Что же касается “Вия” – так на Бродвее его никогда и не поставили…
Глава 28
Левая рука
(1988–1989)
Нора, выбравшая в пятнадцать лет профессию театрального художника, знала про себя, что могла бы заниматься и какими-то другими делами – режиссурой, может, даже драматургией, могла бы быть актрисой или, в конце концов, педагогом, но никогда бы не стала ни врачом, ни инженером, ни математиком. Вот Тенгиз мог быть кем угодно – виноделом, психологом, даже продавцом на рынке. Кем угодно, кроме той профессии, которая требует строгой внешней дисциплины, военным, к примеру, или водителем электровоза. Витя не мог быть никем, кроме как математиком. А вот с Юриком с самого детства было совершенно непонятно: он мог заниматься чем угодно, но только по вдохновению. Как только оно уходило, в ту же секунду он бросал свое занятие. Заставить его делать что-то, что ему не по душе, было невозможно. Должно было появиться такое дело, единственное, которое бы занимало его целиком, держало бы его при себе постоянно и неотвязно. Как Витю математика.
К двенадцати годам это дело наметилось – музыка. Но не музыка вообще, а музыка исключительно группы “The Beatles”. Он “снимал” песню за песней, а Нора изнемогала от его маниакального трудолюбия. Она предпринимала некоторые попытки вытащить Юрика из битломании, пыталась определить в нормальную музыкальную школу, где царили гаммы, этюды Гедике, уроки сольфеджио и общие хоры. Но с музыкальной наукой ничего не получалось – всякий раз, когда начинались какие-то регулярные занятия, он бросал их по разным причинам: то педагог был нехорош, то инструмент переставал ему нравится, то соученики вызывали такой протест, что он отказывался ходить на занятия.

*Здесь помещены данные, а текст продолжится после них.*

text \<open>Each neighbour of \<open>x\<close> outside \<open>N u0\<close> misses \<open>u0\<close>, so has degree below \<open>d x\<close>;
  this saving pays for the outer neighbours of \<open>u0\<close>.\<close>
lemma outer_le_2_if_n_minus_4:
  assumes D: "d x = n - 4" and u0: "u0 \<in> N x"
  shows "card (outer u0) \<le> 2"
proof (rule ccontr)
  assume "\<not> ?thesis"
  then have three: "3 \<le> card (outer u0)" by simp
  note no_outer = outer_empty_if_n_minus_4[OF D u0 three]
  define K where "K = {v\<in>N x - {u0}. v \<notin> N u0}"
  have "N x - {u0} = K \<union> (N u0 \<inter> N x)" using not_self_neighbour[of u0] by (auto simp: K_def)
  then have "card (N x - {u0}) = card K + card (N u0 \<inter> N x)"
    by (simp only:) (rule card_Un_disjoint, auto simp: K_def)
  then have "card K + card (N u0 \<inter> N x) = d x - 1" using u0 by simp
  then have outer_le_K: "card (outer u0) \<le> card K"
    using degree_split_closed_nb[OF u0] neighbour_degree_le_max[OF u0] by linarith
  have degree_K: "d v + of_bool (v \<notin> N u0) \<le> d x" if v: "v \<in> N x - {u0}" for v
  proof (cases "v \<in> N u0")
    case False
    have "N v \<subseteq> insert x (N x - {v, u0})"
      using no_outer[of v] v False not_self_neighbour[of v] neighbours_sym[of u0 v] by auto
    then have "d v \<le> card (insert x (N x - {v, u0}))" by (rule card_mono[rotated]) simp
    also have "\<dots> \<le> Suc (card (N x - {v, u0}))" by (rule card_insert_le_Suc)
    also have "card (N x - {v, u0}) = d x - 2" using v u0 by (simp add: card_Diff_subset)
    finally show ?thesis using False D n_ge_10 by simp
  qed (use v neighbour_degree_le_max in auto)
  have "card K = (\<Sum>v\<in>N x - {u0}. of_bool (v \<notin> N u0))"
    unfolding K_def by (rule card_filter_eq_sum) simp
  then have "(\<Sum>v\<in>N x - {u0}. d v) + card K = (\<Sum>v\<in>N x - {u0}. d v + of_bool (v \<notin> N u0))"
    by (simp add: sum.distrib)
  also have "\<dots> \<le> (d x - 1) * d x"
    using sum_bounded_above[of "N x - {u0}" _ "d x"] degree_K u0 by simp
  finally have others: "(\<Sum>v\<in>N x - {u0}. d v) + card K \<le> (d x - 1) * d x" .
  have "2 \<le> card (outer u0)" using three by simp
  then obtain w1 w2 where w: "w1 \<in> outer u0" "w2 \<in> outer u0" "w1 \<noteq> w2"
    by (rule obtain_two_elements)
  let ?T = "closed_nb \<union> {w1, w2}"
  have "(\<Sum>v\<in>N x. weight ?T v) \<le> (\<Sum>v\<in>N x. weight closed_nb v)"
    by (rule sum_mono) (rule weight_antimono, blast)
  also have "\<dots> = weight closed_nb u0 + (\<Sum>v\<in>N x - {u0}. weight closed_nb v)"
    by (rule sum.remove[OF finite_neighbours u0])
  also have "(\<Sum>v\<in>N x - {u0}. weight closed_nb v) = (\<Sum>v\<in>N x - {u0}. d v)"
    by (rule sum.cong[OF refl]) (use no_outer in auto)
  finally have "(\<Sum>v\<in>N x. weight ?T v) \<le> weight closed_nb u0 + (\<Sum>v\<in>N x - {u0}. d v)" .
  moreover have "weight closed_nb u0 \<le> d x + card K"
    using outer_le_K neighbour_degree_le_max[OF u0] by linarith
  moreover have "(d x - 1) * d x + d x = d x * d x" by (cases "d x") simp_all
  moreover have "w1 \<in> V - closed_nb" "w2 \<in> V - closed_nb" using w neighbours_subset by auto
  ultimately show False using sum_weight_two_outside_gt[OF D _ _ w(3)] others by fastforce
qed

Прошло уже несколько лет, а дальше “битлов” он не двигался. Зато своих знал наизусть, каждого в отдельности и всех вместе, но чем дальше музыка отстояла от песен его кумиров, тем менее интересна она была Юрику. Каждая их пластинка, каждая запись, попав в его руки, становились событиями жизни. Они стали единственными учителями и в течение нескольких лет никакой музыки, кроме этой всемирной, молодежной, на которую у Норы выработалась аллергическая реакция, он не воспринимал. Нора пыталась приохотить его к какой-то иной музыке – то вела его в консерваторию, то в оперу, познакомила с “Арсеналом”. Алексей Козлов, сам в ту пору горячий битломан, кажется, произвел на него некоторое впечатление. Все звуки, которые поступали в его уши, разделялись на два сорта – “они” и “не они”. Приезжавший временами Тенгиз был хорошим собеседником, потому что он тоже любил эту ливерпульскую компанию и всегда привозил Юрику какую-нибудь старую новинку.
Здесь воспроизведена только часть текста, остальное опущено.